Llandaff Cathedral

Llandaff Cathedral, Wales
Llandaff Cathedral, Wales

In the sixth century, Saint Dubricius (Welsh: Dyfrig) founded a community near the ford where the Roman road crossed the river Taff. The first church was built on the site of an existing church by the successor of Dubrisius, Saint Teilo. Teilo was a cousin of David, the patron saint of Wales and is buried in the cathedral. The only remnant of the original church is a Celtic cross.

Celtic cross from the original church at Llandaff, Wales
Celtic cross from the original church at Llandaff, Wales

The first Norman bishop appointed to Wales was Bishop Urban. He began the building of a cathedral in 1120. Urban had the remains of Saint Dubrisius transferred from Bardsey and reburied in the Cathedral. Work on this building was not completed until 1290. The arch behind the High Altar survives from that time. The cathedral was extended and widened and a new West front was built about 1220. Later in the 13th C. the Chapter House and Lady Chapel were built. These have survived the damage and decay the cathedral has suffered over the last 700 years. The church suffered damage in 1400 during the rebellion of Owain Glyndwr but most of this was repaired.

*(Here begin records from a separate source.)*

(* Let $C$ be a normal closed cone with nonempty interior in a real Banach space. Let $f:\operatorname{int} C \to \operatorname{int} C$ be order-preserving and homogeneous. Let $x, u \in \operatorname{int} C$ with $\|u\| = 1$ and let $0 < \theta < 1$. Then the following are equivalent: (a) $\limsup_{k\to\infty} d_H(f^k(x), u)^{1/k} \le \theta$; (b) there is $\lambda > 0$ such that $\limsup_{k\to\infty} d_T\big(f^k(x)/r_C(f)^k, \lambda u\big)^{1/k} \le \theta$; (c) there is $\lambda > 0$ such that $\limsup_{k\to\infty} \big\| f^k(x)/r_C(f)^k - \lambda u \big\|^{1/k} \le \theta$; (d) $\limsup_{k\to\infty} \big\| f^k(x)/\|f^k(x)\| - u \big\|^{1/k} \le \theta$.
   Context: A closed cone is a closed convex set $C \subset X$ with $\lambda C \subset C$ for $\lambda \ge 0$ and $C \cap (-C) = \{0\}$; $x\le y$ means $y-x\in C$. $C$ is normal if there is $\kappa > 0$ with $\|x\| \le \kappa\|y\|$ whenever $0 \le x \le y$. $f$ is order-preserving if $x\le y\Rightarrow f(x)\le f(y)$ and homogeneous if $f(tx)=tf(x)$ for $t>0$. For $x,y \in \operatorname{int} C$: $M(x/y) := \inf\{\beta>0 : x \le \beta y\}$, $m(x/y) := \sup\{\alpha>0 : \alpha y \le x\}$; Thompson's metric $d_T(x,y) = \max\{\log M(x/y), \log M(y/x)\}$; Hilbert's projective metric $d_H(x,y) = \log(M(x/y)/m(x/y))$. The cone spectral radius is $r_C(f) = \limsup_{k\to\infty}\|f^k(y)\|^{1/k}$ for any $y \in \operatorname{int} C$. *)

theory Defs
  imports "HOL-Analysis.Analysis"
begin

definition closed_cone :: "'a::real_normed_vector set \<Rightarrow> bool" where
  "closed_cone C \<longleftrightarrow> closed C \<and> convex C \<and> (\<forall>l::real. l \<ge> 0 \<longrightarrow> (\<forall>x\<in>C. l *\<^sub>R x \<in> C))
      \<and> C \<inter> uminus ` C = {0}"

definition cone_le :: "'a::real_normed_vector set \<Rightarrow> 'a \<Rightarrow> 'a \<Rightarrow> bool" where
  "cone_le C x y \<longleftrightarrow> y - x \<in> C"

definition normal_cone :: "'a::real_normed_vector set \<Rightarrow> bool" where
  "normal_cone C \<longleftrightarrow> (\<exists>\<kappa>>0. \<forall>x y. cone_le C 0 x \<and> cone_le C x y \<longrightarrow> norm x \<le> \<kappa> * norm y)"

definition order_preserving_on :: "'a::real_normed_vector set \<Rightarrow> 'a set \<Rightarrow> ('a \<Rightarrow> 'a) \<Rightarrow> bool" where
  "order_preserving_on C D f \<longleftrightarrow> (\<forall>x\<in>D. \<forall>y\<in>D. cone_le C x y \<longrightarrow> cone_le C (f x) (f y))"

definition homogeneous_on :: "'a::real_normed_vector set \<Rightarrow> ('a \<Rightarrow> 'a) \<Rightarrow> bool" where
  "homogeneous_on D f \<longleftrightarrow> (\<forall>x\<in>D. \<forall>t::real. t > 0 \<longrightarrow> f (t *\<^sub>R x) = t *\<^sub>R f x)"

definition Mfun :: "'a::real_normed_vector set \<Rightarrow> 'a \<Rightarrow> 'a \<Rightarrow> real" where
  "Mfun C x y = Inf {\<beta>::real. \<beta> > 0 \<and> cone_le C x (\<beta> *\<^sub>R y)}"

definition mfun :: "'a::real_normed_vector set \<Rightarrow> 'a \<Rightarrow> 'a \<Rightarrow> real" where
  "mfun C x y = Sup {\<alpha>::real. \<alpha> > 0 \<and> cone_le C (\<alpha> *\<^sub>R y) x}"

definition thompson_metric :: "'a::real_normed_vector set \<Rightarrow> 'a \<Rightarrow> 'a \<Rightarrow> real" where
  "thompson_metric C x y = max (ln (Mfun C x y)) (ln (Mfun C y x))"

definition hilbert_metric :: "'a::real_normed_vector set \<Rightarrow> 'a \<Rightarrow> 'a \<Rightarrow> real" where
  "hilbert_metric C x y = ln (Mfun C x y / mfun C x y)"

text \<open>Cone spectral radius: limsup of the k-th roots of the norms of the iterates,
  evaluated at some (any) interior point; as an extended real.\<close>
definition cone_spectral_radius :: "'a::real_normed_vector set \<Rightarrow> ('a \<Rightarrow> 'a) \<Rightarrow> ereal" where
  "cone_spectral_radius C f =
     (let y = (SOME y. y \<in> interior C) in
      limsup (\<lambda>k::nat. ereal (norm ((f ^^ k) y) powr (1 / real k))))"

end

theory Submission
  imports Defs
begin

text \<open>
  All four conditions are turned into geometric decay of a nonnegative sequence, and each
  implication comes from an eventual bound \<open>a\<^sub>k \<le> c b\<^sub>k\<close>, which preserves such decay.
  (a)\<open>\<Rightarrow>\<close>(b): \<open>f\<close> is nonexpansive in Hilbert's metric, so \<open>d\<^sub>H(f u, u)\<close> is at most
  \<open>d\<^sub>H(f (f\<^sup>k x), u) + d\<^sub>H(f\<^sup>k x, u) \<rightarrow> 0\<close>, hence \<open>u\<close> is an eigenvector, and its eigenvalue is
  \<open>r\<^sub>C(f)\<close>. Relative to \<open>u\<close>, the ratios \<open>M(f\<^sup>k x/u)/r\<^sup>k\<close> decrease and \<open>m(f\<^sup>k x/u)/r\<^sup>k\<close>
  increase; any \<open>\<lambda>\<close> between them gives \<open>d\<^sub>T(f\<^sup>k x/r\<^sup>k, \<lambda>u) \<le> d\<^sub>H(f\<^sup>k x, u)\<close>.
  (b)\<open>\<Rightarrow>\<close>(c): by normality, small Thompson distance controls the norm distance linearly.
  (c)\<open>\<Rightarrow>\<close>(d): normalisation is Lipschitz near \<open>\<lambda>u\<close>.
  (d)\<open>\<Rightarrow>\<close>(a): an interior point \<open>u\<close> is an order unit, so near \<open>u\<close> Hilbert's metric is
  bounded by a multiple of the norm distance, and it is invariant under scaling.
\<close>

section \<open>Geometric decay of sequences\<close>

definition decays_at_rate :: "real \<Rightarrow> (nat \<Rightarrow> real) \<Rightarrow> bool" where
  "decays_at_rate \<theta> a \<longleftrightarrow> (\<forall>\<theta>'>\<theta>. eventually (\<lambda>k. a k \<le> \<theta>' ^ k) sequentially)"

lemma root_le_iff_le_power:
  fixes a t :: real
  assumes "a \<ge> 0" "t > 0" "k \<ge> 1"
  shows "a powr (1 / real k) \<le> t \<longleftrightarrow> a \<le> t ^ k"
proof (cases "a = 0")
  case False
  then have "(a powr (1 / real k)) ^ k = a"
    using assms by (simp add: powr_realpow[symmetric] powr_powr)
  then show ?thesis
    using assms power_mono_iff[of "a powr (1 / real k)" t k] by simp
qed (use assms in simp)

lemma limsup_root_le_iff_decays_at_rate:
  fixes a :: "nat \<Rightarrow> real"
  assumes "\<theta> > 0" and "\<And>k. a k \<ge> 0"
  shows "limsup (\<lambda>k. ereal (a k powr (1 / real k))) \<le> ereal \<theta> \<longleftrightarrow> decays_at_rate \<theta> a"
proof -
  have root_le: "eventually (\<lambda>k. a k powr (1 / real k) \<le> t) sequentially
      \<longleftrightarrow> eventually (\<lambda>k. a k \<le> t ^ k) sequentially" if "t > 0" for t
    using root_le_iff_le_power[of "a _" t] assms that
    by (intro eventually_cong[OF eventually_ge_at_top[of 1]]) auto
  have "limsup (\<lambda>k. ereal (a k powr (1 / real k))) \<le> ereal \<theta> \<longleftrightarrow>
      (\<forall>t>\<theta>. eventually (\<lambda>k. a k powr (1 / real k) \<le> t) sequentially)"
  proof
    assume L: "limsup (\<lambda>k. ereal (a k powr (1 / real k))) \<le> ereal \<theta>"
    show "\<forall>t>\<theta>. eventually (\<lambda>k. a k powr (1 / real k) \<le> t) sequentially"
    proof (intro allI impI)
      fix t assume "t > \<theta>"
      then have "eventually (\<lambda>k. ereal (a k powr (1 / real k)) < ereal t) sequentially"
        using L unfolding Limsup_le_iff by (metis less_ereal.simps(1))
      then show "eventually (\<lambda>k. a k powr (1 / real k) \<le> t) sequentially"
        by eventually_elim simp
    qed
  next
    assume le: "\<forall>t>\<theta>. eventually (\<lambda>k. a k powr (1 / real k) \<le> t) sequentially"
    show "limsup (\<lambda>k. ereal (a k powr (1 / real k))) \<le> ereal \<theta>"
      unfolding Limsup_le_iff
    proof (intro allI impI)
      fix y assume "y > ereal \<theta>"
      then obtain t where t: "\<theta> < t" "ereal t < y"
        using ereal_dense2 less_ereal.simps(1) by metis
      from le[rule_format, OF t(1)]
      show "eventually (\<lambda>k. y > ereal (a k powr (1 / real k))) sequentially"
        by eventually_elim (use t(2) in \<open>meson ereal_less_eq(3) order.strict_trans1\<close>)
    qed
  qed
  also have "\<dots> \<longleftrightarrow> decays_at_rate \<theta> a"
    unfolding decays_at_rate_def using root_le assms(1) by auto
  finally show ?thesis .
qed
lemma prod_up_Cons_two:
  assumes "3 \<le> d" "set w \<subseteq> {1..d}"
  shows "prod_up d (2 # w) = d # gen d 1 (gen d 2 w)"
proof -
  have "gen d 1 (2 # w) = 1 # gen d 2 w"
    using assms by (simp add: gen_Cons nxt_of_less)
  moreover have "gen_comp d (rev [2..<d]) (1 # v) = 1 # v" for v
    by (rule gen_comp_Cons_fixed) (auto simp: nxt_of_less)
  moreover have "gen d d (1 # v) = d # gen d 1 v" if "set v \<subseteq> {1..d}" for v
    using assms that by (simp add: gen_Cons nxt_self)
  ultimately show ?thesis
    using assms unfolding prod_up_def upt_one_Suc_split[OF assms(1)]
    by (simp add: gen_comp_append)
qed

lemma prod_down_Cons:
  assumes "2 \<le> x" "x < d" "set w \<subseteq> {1..d}"
  shows "prod_down d (x # w) = Suc x # gen d x w"
proof -
  have split: "[1..<Suc d] = [1..<x] @ x # [Suc x..<Suc d]"
    using assms upt_add_eq_append[of 1 x "Suc d - x"] upt_conv_Cons[of x "Suc d"] by auto
  have "gen_comp d [Suc x..<Suc d] (x # w) = x # w"
  proof (rule gen_comp_Cons_fixed)
    fix j assume "j \<in> set [Suc x..<Suc d]"
    then have "j \<in> {1..d}" "x < j" by (auto simp del: upt_Suc)
    then show "x \<noteq> j \<and> x \<noteq> nxt d j"
      using assms(1) nxt_neq_of_le[of j d x] by auto
  qed
  moreover have "gen d x (x # w) = Suc x # gen d x w"
    using assms by (simp add: gen_Cons nxt_of_less)
  moreover have "gen_comp d [1..<x] (Suc x # v) = Suc x # v" for v
    by (rule gen_comp_Cons_fixed) (use assms in \<open>auto simp: nxt_of_less\<close>)
  ultimately show ?thesis
    unfolding prod_down_def split by (simp add: gen_comp_append)
qed
lemma omega_multiple: "N > 0 \<Longrightarrow> omega N (int N * q) = 1"
proof -
  assume N: "N > 0"
  have "omega N (int N * q) = cis (2 * pi * real_of_int (- q))"
    using N unfolding omega_def by (simp add: mult_ac)
  also have "\<dots> = 1"
    unfolding cis.ctr by (simp only: cos_int_2pin sin_int_2pin) (simp add: complex_eq_iff)
  finally show ?thesis .
qed

lemma omega_mod: "N > 0 \<Longrightarrow> omega N (a mod int N) = omega N a"
  by (metis omega_add omega_multiple mult.right_neutral mod_mult_div_eq mult.commute)

lemma dvd_of_omega_eq_1:
  assumes N: "N > 0" and "omega N t = 1"
  shows "int N dvd t"
proof -
  have "cos (- 2 * pi * real_of_int t / real N) = 1"
    using assms(2) unfolding omega_def by (metis cis.sel(1) one_complex.sel(1))
  then obtain n :: int where "- 2 * pi * real_of_int t / real N = real_of_int n * 2 * pi"
    using cos_one_2pi_int by blast
  hence "pi * real_of_int (- t) = pi * real_of_int (n * int N)"
    using N by (simp add: field_simps)
  hence "real_of_int (- t) = real_of_int (n * int N)"
    using pi_neq_zero by (rule mult_left_cancel[THEN iffD1, rotated])
  hence "t = int N * - n" by (simp only: of_int_eq_iff) (simp add: algebra_simps)
  thus ?thesis by (rule dvdI)
qed

lemma sum_omega:
  assumes N: "N > 0"
  shows "(\<Sum>k<N. omega N (int k * t)) = (if int N dvd t then of_nat N else 0)"
proof (cases "int N dvd t")
  case True
  then obtain q where "t = int N * q" by blast
  hence "omega N (int k * t) = 1" for k
    using omega_multiple[OF N, of "int k * q"] by (simp add: algebra_simps)
  thus ?thesis using True by simp
next
  case False
  hence "omega N t \<noteq> 1" using dvd_of_omega_eq_1[OF N] by blast
  moreover have "omega N t ^ N = 1"
    using omega_multiple[OF N, of t] by (simp add: omega_power[symmetric])
  ultimately show ?thesis using False by (simp add: omega_power geometric_sum)
qed

lemma sum_mult_dvd_indicator:
  fixes f :: "nat \<Rightarrow> complex"
  assumes N: "N > 0"
  shows "(\<Sum>n<N. f n * (if int N dvd (a - int n) then of_nat N else 0)) =
    f (pidx N a) * of_nat N"
proof -
  have "int N dvd (a - int n) \<longleftrightarrow> n = pidx N a" if "n < N" for n
    using N that unfolding pidx_def mod_eq_dvd_iff[symmetric] by auto
  hence "(\<Sum>n<N. f n * (if int N dvd (a - int n) then of_nat N else 0))
      = (\<Sum>n<N. if n = pidx N a then f n * of_nat N else 0)"
    by (intro sum.cong) auto
  also have "\<dots> = f (pidx N a) * of_nat N"
    using N by (simp add: pidx_def nat_less_iff)
  finally show ?thesis .
qed

lemma pidx_less: "N > 0 \<Longrightarrow> pidx N a < N"
  unfolding pidx_def by (simp add: nat_less_iff)

lemma of_nat_pidx: "N > 0 \<Longrightarrow> int (pidx N a) = a mod int N"
  unfolding pidx_def by simp

lemma per_mod: "dim_vec v = N \<Longrightarrow> per v (a mod int N) = per v a"
  by (simp add: per_def pidx_def)

lemma per_cong: "dim_vec v = N \<Longrightarrow> a mod int N = b mod int N \<Longrightarrow> per v a = per v b"
  by (simp add: per_def pidx_def)

lemma per_of_nat: "n < dim_vec v \<Longrightarrow> per v (int n) = v $ n"
  by (simp add: per_def pidx_def)

lemma per_win_prod:
  assumes N: "N > 0" and dg: "dim_vec g = N"
  shows "per (win_prod g l) t = per g t * cnj (per g (t - int l))"
proof -
  have "per (win_prod g l) t = g $ pidx N t * cnj (per g (int (pidx N t) - int l))"
    unfolding per_def win_prod_def using pidx_less[OF N] dg by simp
  also have "per g (int (pidx N t) - int l) = per g (t - int l)"
    by (rule per_cong[OF dg]) (simp add: of_nat_pidx[OF N] mod_diff_left_eq)
  finally show ?thesis unfolding per_def dg .
qed

lemma sum_periodic_shift:
  fixes h :: "int \<Rightarrow> 'a::comm_monoid_add"
  assumes N: "N > 0" and periodic: "\<And>a. h (a mod int N) = h a"
  shows "(\<Sum>m<N. h (int m - c)) = (\<Sum>m<N. h (int m))"
proof (rule sum.reindex_bij_witness[where j = "\<lambda>m. pidx N (int m - c)"
      and i = "\<lambda>m. pidx N (int m + c)"])
  fix m assume m: "m \<in> {..<N}"
  show "pidx N (int (pidx N (int m - c)) + c) = m" "pidx N (int m - c) \<in> {..<N}"
    "h (int (pidx N (int m - c))) = h (int m - c)"
    using m N periodic by (auto simp: pidx_def nat_less_iff mod_add_left_eq)
next
  fix m assume m: "m \<in> {..<N}"
  show "pidx N (int (pidx N (int m + c)) - c) = m" "pidx N (int m + c) \<in> {..<N}"
    using m N by (auto simp: pidx_def nat_less_iff mod_diff_left_eq)
qed

lemma sum_circular_convolution_omega:
  fixes w :: "complex vec" and a :: "nat \<Rightarrow> complex"
  assumes N: "N > 0" and dw: "dim_vec w = N"
  shows "(\<Sum>m<N. (\<Sum>n<N. a n * per w (int m - int n)) * omega N (int k * int m)) =
     (\<Sum>n<N. a n * omega N (int k * int n)) * (\<Sum>j<N. w $ j * omega N (int k * int j))"
proof -
  define h where "h t = per w t * omega N (int k * t)" for t
  have periodic: "h (t mod int N) = h t" for t
    unfolding h_def per_mod[OF dw] by (metis omega_mod[OF N] mod_mult_right_eq)
  have "(\<Sum>m<N. (\<Sum>n<N. a n * per w (int m - int n)) * omega N (int k * int m)) =
      (\<Sum>m<N. \<Sum>n<N. a n * omega N (int k * int n) * h (int m - int n))"
  proof (intro sum.cong refl, unfold sum_distrib_right, intro sum.cong refl)
    fix m n
    have "omega N (int k * int m) = omega N (int k * int n) * omega N (int k * (int m - int n))"
      unfolding omega_add[symmetric] by (simp add: algebra_simps)
    thus "a n * per w (int m - int n) * omega N (int k * int m) =
        a n * omega N (int k * int n) * h (int m - int n)"
      unfolding h_def by simp
  qed
  also have "\<dots> = (\<Sum>n<N. a n * omega N (int k * int n) * (\<Sum>m<N. h (int m - int n)))"
    by (subst sum.swap) (simp add: sum_distrib_left)
  also have "\<dots> = (\<Sum>n<N. a n * omega N (int k * int n) * (\<Sum>m<N. h (int m)))"
    by (simp only: sum_periodic_shift[of N h, OF N periodic])
  also have "(\<Sum>m<N. h (int m)) = (\<Sum>j<N. w $ j * omega N (int k * int j))"
    unfolding h_def using dw by (intro sum.cong refl) (simp add: per_of_nat)
  finally show ?thesis by (simp add: sum_distrib_right)
qed

lemma sum_inverse_omega:
  fixes a :: "nat \<Rightarrow> complex"
  assumes N: "N > 0" and i: "i < N"
  shows "(\<Sum>k<N. (\<Sum>n<N. a n * omega N (int k * int n)) * cnj (omega N (int k * int i))) =
    of_nat N * a i"
proof -
  have "(\<Sum>k<N. (\<Sum>n<N. a n * omega N (int k * int n)) * cnj (omega N (int k * int i))) =
      (\<Sum>k<N. \<Sum>n<N. a n * omega N (int k * (int n - int i)))"
  proof (intro sum.cong refl, unfold sum_distrib_right, intro sum.cong refl)
    fix k n
    have "omega N (int k * (int n - int i)) = omega N (int k * int n) * omega N (- (int k * int i))"
      unfolding omega_add[symmetric] by (simp add: algebra_simps)
    thus "a n * omega N (int k * int n) * cnj (omega N (int k * int i)) =
        a n * omega N (int k * (int n - int i))"
      by (simp add: cnj_omega)
  qed
  also have "\<dots> = (\<Sum>n<N. a n * (if int N dvd (int i - int n) then of_nat N else 0))"
    by (subst sum.swap) (simp add: sum_distrib_left[symmetric] sum_omega[OF N] dvd_diff_commute)
  also have "\<dots> = of_nat N * a i"
    using sum_mult_dvd_indicator[OF N] i by (simp add: pidx_def)
  finally show ?thesis .
qed

lemma sum_power_spectrum_omega:
  fixes c :: "nat \<Rightarrow> complex"
  assumes N: "N > 0"
  defines "C k \<equiv> \<Sum>n<N. c n * omega N (int k * int n)"
  shows "(\<Sum>k<N. C k * cnj (C k) * omega N (int k * l)) =
    of_nat N * (\<Sum>n<N. c n * cnj (c (pidx N (int n + l))))"
proof -
  have "C k * cnj (C k) * omega N (int k * l) =
      (\<Sum>n<N. \<Sum>n'<N. c n * cnj (c n') * omega N (int k * (int n + l - int n')))" for k
  proof -
    have "c n * omega N (int k * int n) * cnj (c n' * omega N (int k * int n')) * omega N (int k * l)
        = c n * cnj (c n') * omega N (int k * (int n + l - int n'))" for n n'
    proof -
      have "omega N (int k * int n) * cnj (omega N (int k * int n')) * omega N (int k * l) =
          omega N (int k * (int n + l - int n'))"
        unfolding cnj_omega omega_add[symmetric] by (simp add: algebra_simps)
      moreover have "c n * omega N (int k * int n) * cnj (c n' * omega N (int k * int n')) *
          omega N (int k * l) = c n * cnj (c n') *
          (omega N (int k * int n) * cnj (omega N (int k * int n')) * omega N (int k * l))"
        by (simp add: ac_simps)
      ultimately show ?thesis by simp
    qed
    thus ?thesis
      unfolding C_def cnj_sum sum_distrib_right sum_distrib_left
      by (subst sum.swap) (intro sum.cong refl)
  qed
  hence "(\<Sum>k<N. C k * cnj (C k) * omega N (int k * l)) =
      (\<Sum>k<N. \<Sum>n<N. \<Sum>n'<N. c n * cnj (c n') * omega N (int k * (int n + l - int n')))"
    by simp
  also have "\<dots> =
      (\<Sum>n<N. \<Sum>k<N. \<Sum>n'<N. c n * cnj (c n') * omega N (int k * (int n + l - int n')))"
    by (rule sum.swap)
  also have "\<dots> =
      (\<Sum>n<N. \<Sum>n'<N. c n * cnj (c n') * (\<Sum>k<N. omega N (int k * (int n + l - int n'))))"
    by (rule sum.cong[OF refl]) (unfold sum_distrib_left, rule sum.swap)
  also have "\<dots> = (\<Sum>n<N. \<Sum>n'<N. c n * cnj (c n') *
      (if int N dvd (int n + l - int n') then of_nat N else 0))"
    unfolding sum_omega[OF N] ..
  also have "\<dots> = of_nat N * (\<Sum>n<N. c n * cnj (c (pidx N (int n + l))))"
    unfolding sum_mult_dvd_indicator[OF N] sum_distrib_left by (simp add: ac_simps)
  finally show ?thesis .
qed

definition spectrogram :: "complex vec \<Rightarrow> complex vec \<Rightarrow> complex mat" where
  "spectrogram g x = map_mat (\<lambda>c. of_real ((cmod c)^2)) (STFT g x)"

lemma LS_z_spectrogram:
  fixes g x :: "complex vec"
  assumes N: "N > 0" and dg: "dim_vec g = N" and dx: "dim_vec x = N" and m: "m < N"
  shows "LS_z (spectrogram g x) l $ m =
    of_nat N * (\<Sum>n<N. x $ n * cnj (per x (int n + int l)) * per (win_prod g l) (int m - int n))"
proof -
  define c where "c n = x $ n * per g (int m - int n)" for n
  define C where "C k = (\<Sum>n<N. c n * omega N (int k * int n))" for k
  have autocorrelation: "c n * cnj (c (pidx N (int n + int l))) =
      x $ n * cnj (per x (int n + int l)) * per (win_prod g l) (int m - int n)" for n
  proof -
    have "x $ pidx N (int n + int l) = per x (int n + int l)"
      unfolding per_def dx ..
    moreover have "per g (int m - int (pidx N (int n + int l))) = per g (int m - int n - int l)"
      by (rule per_cong[OF dg]) (simp add: of_nat_pidx[OF N] mod_diff_right_eq diff_diff_eq)
    ultimately show ?thesis
      unfolding c_def per_win_prod[OF N dg] by (simp add: ac_simps)
  qed
  have "LS_z (spectrogram g x) l $ m = (\<Sum>k<N. C k * cnj (C k) * omega N (int k * int l))"
    unfolding LS_z_def spectrogram_def STFT_def C_def c_def
    using m dx by (simp add: complex_norm_square del: of_real_power)
  also have "\<dots> = of_nat N * (\<Sum>n<N. c n * cnj (c (pidx N (int n + int l))))"
    unfolding C_def by (rule sum_power_spectrum_omega[OF N])
  also have "\<dots> =
      of_nat N * (\<Sum>n<N. x $ n * cnj (per x (int n + int l)) * per (win_prod g l) (int m - int n))"
    unfolding autocorrelation ..
  finally show ?thesis .
qed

Before the end of the 15th C., Jasper Tudor built a new northwest tower to house the bells which had been in a detached tower that had fallen into ruin. Jasper Tudor assumed the lordship of Cardiff after the accession to the throne of his nephew, King Henry VII of England. Up until the time of King Henry VIII, Jasper’s kinsmen supported the cathedral with gifts and pilgrims flocked to the tomb of Saint Teilo. With the Dissolution of the Monasteries under Henry VIII, pilgrims were forbidden and other revenues were lost. The cathedral fell into disrepair and ruin.

Jasper Tower of Llandaff Cathedral, named after Jasper Tudor
Jasper Tower of Llandaff Cathedral, named after Jasper Tudor

During the English Civil War, the cathedral was assaulted by Parliamentarian troops. The southwest tower experienced major damage during the Great Storm of 1703 and by 1720 was in a state of collapse. A new cathedral was designed and construction began but it was never finished. During the 19th C. the Bishop of Llandaff began to reside in Llandaff and started to have the cathedral restored, the tower rebuilt and a spire added. Most of this work was completed between 1843 and 1869.

During the Cardiff Blitz in World War II, on January 2, 1941, the cathedral was severely damaged. The roof was blown off the nave, south aisle and chapter house. The top of the spire also had to be reconstructed and the organ was damaged. Of the British Cathedrals, only Coventry Cathedral was damaged more than Llandaff. Major restoration was begun and finally finished and the cathedral was back in use by 1958. The Queen attended a service commemorating the completion of the restoration work on August 6, 1960.